Eis que a escola organizou, certa ocasião, uma feira de estudos inspirada justamente, vejam vocês, numa das prelecções de domingo do não-convidado-para-discursar-mas-discursando-mesmo-assim pai da P’sora Linda, que se havia dado numa mui alegre funjada na casa de uma tia de um dos directores da escola. A ideia foi aprovada com louvor, e o mote principal não poderia ser outro: o produto nacional. 


Toda a escola foi dividida em grupos e cada qual tinha o direito de eleger o seu objecto. Muitos optaram pelo petróleo e outros tantos pelos diamantes, pelo que os professores tiveram que se concertar no sentido de abordar o mesmo tema sob aspectos distintos. Alguns escolheram a música e a dança, e dois, a arte das máscaras. Um grupo misto entre o oitavo e o nono ano seleccionou a gastronomia, mas a poucos dias do prazo acabou por preferir ficar só com a bebida, que dava menos trabalho e, ainda assim, já era muito. 

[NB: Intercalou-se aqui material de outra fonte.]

lemma (in prob_space) expected_objective_le:
  fixes X :: "nat \<Rightarrow> 'a \<Rightarrow> real" and p x :: "nat \<Rightarrow> real"
  assumes sub: "\<And>A. A \<in> \<G> \<Longrightarrow> A \<subseteq> {1..n}"
    and disj: "\<And>A B. A \<in> \<G> \<Longrightarrow> B \<in> \<G> \<Longrightarrow> A \<noteq> B \<Longrightarrow> A \<inter> B = {}"
    and p0: "\<And>j. j \<in> {1..n} \<Longrightarrow> 0 \<le> p j" and \<zeta>: "\<zeta> \<le> 1"
    and meas: "\<And>j. j \<in> {1..n} \<Longrightarrow> X j \<in> borel_measurable M"
    and X01: "\<And>j \<omega>. j \<in> {1..n} \<Longrightarrow> \<omega> \<in> space M \<Longrightarrow> X j \<omega> \<in> {0, 1}"
    and mean: "\<And>j. j \<in> {1..n} \<Longrightarrow> (\<integral>\<omega>. X j \<omega> \<partial>M) = x j"
    and corr: "\<And>i j. i \<in> {1..n} \<Longrightarrow> j \<in> {1..n} \<Longrightarrow> i \<noteq> j \<Longrightarrow>
      (\<integral>\<omega>. X i \<omega> * X j \<omega> \<partial>M) \<le> x i * x j"
    and corr_group: "\<And>A i j. A \<in> \<G> \<Longrightarrow> i \<in> A \<Longrightarrow> j \<in> A \<Longrightarrow> i \<noteq> j \<Longrightarrow>
      (\<integral>\<omega>. X i \<omega> * X j \<omega> \<partial>M) \<le> (1 - \<zeta>) * x i * x j"
  shows "2 * (\<integral>\<omega>. (\<Sum>j=1..n. p j * X j \<omega> * (\<Sum>i=1..j. p i * X i \<omega>)) \<partial>M)
    \<le> (\<Sum>j=1..n. p j * x j)\<^sup>2 + 2 * (\<Sum>j=1..n. (p j)\<^sup>2 * x j) - \<zeta> * (\<Sum>A\<in>\<G>. (\<Sum>j\<in>A. p j * x j)\<^sup>2)"
proof -
  have square: "(\<integral>\<omega>. X j \<omega> * X j \<omega> \<partial>M) = x j" if "j \<in> {1..n}" for j
  proof -
    have "(\<integral>\<omega>. X j \<omega> * X j \<omega> \<partial>M) = (\<integral>\<omega>. X j \<omega> \<partial>M)"
      using X01[OF that] by (intro Bochner_Integration.integral_cong) force+
    then show ?thesis using mean[OF that] by simp
  qed
  have "(\<Sum>i=1..n. \<Sum>j=1..n. p i * p j * (\<integral>\<omega>. X i \<omega> * X j \<omega> \<partial>M))
      \<le> (\<Sum>j=1..n. p j * x j)\<^sup>2 + (\<Sum>j=1..n. (p j)\<^sup>2 * x j) - \<zeta> * (\<Sum>A\<in>\<G>. (\<Sum>j\<in>A. p j * x j)\<^sup>2)"
    by (rule pairwise_moment_sum_le) (use sub disj p0 \<zeta> square corr corr_group in auto)
  then show ?thesis
    using expectation_prefix_products[OF meas X01] square by simp
qed

lemma ratio_estimate:
  fixes a b s \<sigma> Z c :: real
  assumes c: "0 \<le> c" "c \<le> 1/100" and s0: "0 \<le> s"
    and total: "(a + b)\<^sup>2 \<le> Z" and grouped: "a\<^sup>2 + \<sigma> \<le> Z" and diag: "s + \<sigma> \<le> Z"
    and light: "b\<^sup>2 \<le> 19/45 * \<sigma>"
  shows "(a + b)\<^sup>2 + 2 * (s + \<sigma>) - 200 * c * s \<le> (3/2 - c) * (s + \<sigma> + Z)"
proof -
  define S where "S = s + \<sigma>"
  have "0 \<le> \<sigma>"
    using light zero_le_power2[of b] by linarith
  then have S0: "0 \<le> S"
    using s0 by (simp add: S_def)
  have cs: "0 \<le> c * s" and cS: "0 \<le> c * S" "c * S \<le> S / 100"
    using c s0 S0 mult_right_mono[OF c(2) S0] by simp_all
  \<comment> \<open>either \<open>s\<close> is a 1/100 share of \<open>S\<close>, or \<open>Z\<close> exceeds \<open>S\<close> by \<open>5 c S\<close>; otherwise
    \<open>a\<^sup>2 \<le> Z - \<sigma>\<close> is tiny and \<open>(a + b)\<^sup>2 \<le> 2 a\<^sup>2 + 2 b\<^sup>2\<close> stays below \<open>S - 2 c S\<close>\<close>
  consider (heavy) "S \<le> 100 * s" | (spread) "5 * (c * S) \<le> Z - S"
    | (tight) "100 * s < S" "Z - S < 5 * (c * S)"
    by linarith
  then show ?thesis
  proof cases
    case heavy
    have "c * S \<le> 100 * (c * s)"
      using mult_left_mono[OF heavy c(1)] by simp
    moreover have "(1/2 - c) * S \<le> (1/2 - c) * Z"
      using diag c by (intro mult_left_mono) (auto simp: S_def)
    ultimately show ?thesis
      using total unfolding S_def[symmetric] by (simp add: algebra_simps)
  next
    case spread
    have "c * (Z - S) \<le> (Z - S) / 100"
      using mult_right_mono[OF c(2), of "Z - S"] diag by (simp add: S_def)
    moreover have "(3/2 - c) * (S + Z) = 3/2 * S + 3/2 * Z - c * S - c * Z"
      by (simp add: algebra_simps)
    ultimately show ?thesis
      using total spread cs cS unfolding S_def[symmetric] by (simp add: right_diff_distrib)
  next
    case tight
    have "(a + b)\<^sup>2 \<le> 2 * a\<^sup>2 + 2 * b\<^sup>2"
      using zero_le_power2[of "a - b"] by (simp add: power2_eq_square algebra_simps)
    moreover have "(3/2 - c) * (S + S) \<le> (3/2 - c) * (S + Z)"
      using diag c by (intro mult_left_mono) (auto simp: S_def)
    ultimately show ?thesis
      using tight grouped light cs cS s0 by (simp add: S_def algebra_simps)
  qed
qed

theorem mainTheorem9:
  fixes \<zeta> :: real and n' :: nat
    and p x :: "nat \<Rightarrow> real" and y :: "nat \<Rightarrow> nat \<Rightarrow> real"
    and \<G> :: "nat set set"
    and M :: "'a measure" and X :: "nat \<Rightarrow> 'a \<Rightarrow> real"
  assumes zeta: "0 < \<zeta>" "\<zeta> \<le> 1"
    and n_pos: "n' \<ge> 1"
    and p_ge: "\<And>j. j \<in> {1..n'} \<Longrightarrow> p j \<ge> 1"
    and x_range: "\<And>j. j \<in> {1..n'} \<Longrightarrow> 0 \<le> x j \<and> x j \<le> 1"
    and y_sym: "\<And>j j'. j \<in> {1..n'} \<Longrightarrow> j' \<in> {1..n'} \<Longrightarrow> y j j' = y j' j"
    and y_nonneg: "\<And>j j'. j \<in> {1..n'} \<Longrightarrow> j' \<in> {1..n'} \<Longrightarrow> y j j' \<ge> 0"
    and y_diag: "\<And>j. j \<in> {1..n'} \<Longrightarrow> y j j = x j"
    and psd: "psd_on n' (sdp_matrix x y)"
    and G_disj: "\<And>A B. A \<in> \<G> \<Longrightarrow> B \<in> \<G> \<Longrightarrow> A \<noteq> B \<Longrightarrow> A \<inter> B = {}"
    and G_sub: "\<And>A. A \<in> \<G> \<Longrightarrow> A \<noteq> {} \<and> A \<subseteq> {1..n'}"
    and G_class: "\<And>A. A \<in> \<G> \<Longrightarrow> \<exists>k. \<forall>j\<in>A. has_class p j k"
    and G_mass: "\<And>A. A \<in> \<G> \<Longrightarrow> (\<Sum>j\<in>A. x j) \<ge> 1/10"
    and Gbar_small: "\<And>k. (\<Sum>j\<in>{j\<in>{1..n'} - \<Union>\<G>. has_class p j k}. x j) < 1/10"
    and M: "prob_space M"
    and X_meas: "\<And>j. j \<in> {1..n'} \<Longrightarrow> X j \<in> borel_measurable M"
    and X_01: "\<And>j \<omega>. j \<in> {1..n'} \<Longrightarrow> \<omega> \<in> space M \<Longrightarrow> X j \<omega> \<in> {0, 1}"
    and X_mean: "\<And>j. j \<in> {1..n'} \<Longrightarrow> (\<integral>\<omega>. X j \<omega> \<partial>M) = x j"
    and X_corr: "\<And>j j'. j \<in> {1..n'} \<Longrightarrow> j' \<in> {1..n'} \<Longrightarrow> j \<noteq> j' \<Longrightarrow>
                   (\<integral>\<omega>. X j \<omega> * X j' \<omega> \<partial>M) \<le> x j * x j'"
    and X_corr_G: "\<And>A j j'. A \<in> \<G> \<Longrightarrow> j \<in> A \<Longrightarrow> j' \<in> A \<Longrightarrow> j \<noteq> j' \<Longrightarrow>
                   (\<integral>\<omega>. X j \<omega> * X j' \<omega> \<partial>M) \<le> (1 - \<zeta>) * x j * x j'"
  shows "(\<integral>\<omega>. (\<Sum>j=1..n'. p j * X j \<omega> * (\<Sum>i=1..j. p i * X i \<omega>)) \<partial>M)
         \<le> (3/2 - \<zeta> / 20000) * (\<Sum>j=1..n'. p j * (\<Sum>i=1..j. p i * y j i))"
proof -
  interpret prob_space M by (rule M)
  define a where "a = (\<Sum>j\<in>\<Union>\<G>. p j * x j)"
  define b where "b = (\<Sum>j\<in>{1..n'} - \<Union>\<G>. p j * x j)"
  define s where "s = (\<Sum>j\<in>\<Union>\<G>. (p j)\<^sup>2 * x j)"
  define \<sigma> where "\<sigma> = (\<Sum>j\<in>{1..n'} - \<Union>\<G>. (p j)\<^sup>2 * x j)"
  define Z where "Z = (\<Sum>i=1..n'. \<Sum>j=1..n'. p i * y i j * p j)"
  have groups_sub: "\<And>A. A \<in> \<G> \<Longrightarrow> A \<subseteq> {1..n'}"
    using G_sub by blast
  have grouped_sub: "\<Union>\<G> \<subseteq> {1..n'}" and fin_groups: "finite \<G>" "\<And>A. A \<in> \<G> \<Longrightarrow> finite A"
    using G_sub finite_subset[of \<G> "Pow {1..n'}"] by (auto intro: finite_subset)
  have p0: "\<And>j. j \<in> {1..n'} \<Longrightarrow> 0 \<le> p j" and x0: "\<And>j. j \<in> {1..n'} \<Longrightarrow> 0 \<le> x j"
    using p_ge x_range by (auto intro: order_trans[OF zero_le_one])
  have "(\<Sum>j=1..n'. f j) = (\<Sum>j\<in>\<Union>\<G>. f j) + (\<Sum>j\<in>{1..n'} - \<Union>\<G>. f j)" for f :: "nat \<Rightarrow> real"
    using sum.subset_diff[OF grouped_sub finite_atLeastAtMost, of f] by linarith
  then have split: "(\<Sum>j=1..n'. p j * x j) = a + b" "(\<Sum>j=1..n'. (p j)\<^sup>2 * x j) = s + \<sigma>"
    unfolding a_def b_def s_def \<sigma>_def by blast+
  have "s \<le> 100 * (\<Sum>A\<in>\<G>. (\<Sum>j\<in>A. p j * x j)\<^sup>2)"
    unfolding s_def using grouped_sub
    by (intro grouped_second_moment_le[OF fin_groups G_disj G_class G_mass] x0) auto
  then have gain: "200 * (\<zeta> / 20000) * s \<le> \<zeta> * (\<Sum>A\<in>\<G>. (\<Sum>j\<in>A. p j * x j)\<^sup>2)"
    using mult_left_mono[of s _ "\<zeta> / 100"] zeta by simp
  have "2 * (\<integral>\<omega>. (\<Sum>j=1..n'. p j * X j \<omega> * (\<Sum>i=1..j. p i * X i \<omega>)) \<partial>M)
      \<le> (a + b)\<^sup>2 + 2 * (s + \<sigma>) - \<zeta> * (\<Sum>A\<in>\<G>. (\<Sum>j\<in>A. p j * x j)\<^sup>2)"
    using expected_objective_le[of \<G> n' p \<zeta> X x, OF groups_sub G_disj p0 zeta(2)
        X_meas X_01 X_mean X_corr X_corr_G]
    unfolding split .
  also have "\<dots> \<le> (a + b)\<^sup>2 + 2 * (s + \<sigma>) - 200 * (\<zeta> / 20000) * s"
    using gain by linarith
  also have "\<dots> \<le> (3/2 - \<zeta> / 20000) * (s + \<sigma> + Z)"
  proof (rule ratio_estimate)
    show "(a + b)\<^sup>2 \<le> Z" "a\<^sup>2 + \<sigma> \<le> Z" "s + \<sigma> \<le> Z"
      using sdp_quadratic_form_ge[of n' x y p "{1..n'}", OF psd y_nonneg y_diag p0]
        sdp_quadratic_form_ge[of n' x y p "\<Union>\<G>", OF psd y_nonneg y_diag p0 grouped_sub]
        sdp_quadratic_form_ge[of n' x y p "{}", OF psd y_nonneg y_diag p0] split
      by (simp_all add: Z_def a_def \<sigma>_def)
    show "b\<^sup>2 \<le> 19/45 * \<sigma>"
      unfolding b_def \<sigma>_def
      using p_ge x0 Gbar_small by (intro light_classes_weight_sq_le) (auto intro: less_imp_le)
  qed (use zeta x0 grouped_sub in \<open>auto simp: s_def intro!: sum_nonneg\<close>)
  also have "s + \<sigma> + Z = 2 * (\<Sum>j=1..n'. p j * (\<Sum>i=1..j. p i * y j i))"
    using sdp_objective_double[of n' y x p] y_sym y_diag split by (simp add: Z_def)
  finally show ?thesis by simp
qed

A feira, ocorrida num sábado pela manhã, foi um sucesso. Os grupos tinham-se empenhado bastante e os professores foram de grande ajuda. Os pais e demais visitantes estavam empolgados com o resultado, pujante, colorido. Houve uma grande comoção patriótica, pois o produto nacional estava ali valorizado por essa promissora geração de jovens que cresciam conhecendo a importância do nosso país. 


Um grupo em especial foi, aos poucos, atraindo a atenção dos visitantes, talvez pela estética com que organizou sua bancada. Havia umas estantes de madeira, todas pintadas de cor creme e assentadas sobre tijolos. Sobre elas repousavam várias garrafas transparentes contendo bebidas de cores diversas, tendo à sua frente uma plaqueta indicando o nome de cada uma. À direita, um cavalete com grandes folhas de papel explicava o processo de confecção de algumas daquelas bebidas. No canto esquerdo, havia uma destilaria tradicional em ponto pequeno para simular a fabricação. Os miúdos estavam divididos entre os que diferenciavam os conteúdos das garrafas, os que explicavam detalhes históricos segundo os desenhos e os que serviam as ponteiras da míni-destilaria para provas no momento. 


Sua experiência causou tanto interesse que nunca puderam ir visitar outras bancadas; ao contrário, os meninos de toda a  escola não queriam sair dali, nem os pais, nem os professores.

 

Na segunda-feira não houve aulas, pois era necessário limpar toda a escola e só o domingo não era suficiente. Mas na terça as aulas foram retomadas, com todos ansiosos por discutir a feira. Dois professores e seis estudantes apareceram com um dos olhos fechados, afectados pelo que parecia ser a mesma enxaqueca da P’sora Linda. Diante daquele estarrecedor fenómeno, alunos mais maldosos concluíram que alguma das bebidas deveria ser a causadora daquele mal. Apesar de impreciso, o rastreamento indicou que na base do estrago ocular estava o caporroto,– aguardente fermentada em tambores de gasolina, cujas destilarias são inclusivamente proibidas pela polícia – e que, tendo vindo já pronto, era retirado na hora da destilaria-maqueta. 


P’sora Linda, que não apareceu por toda aquela semana, pediu a demissão.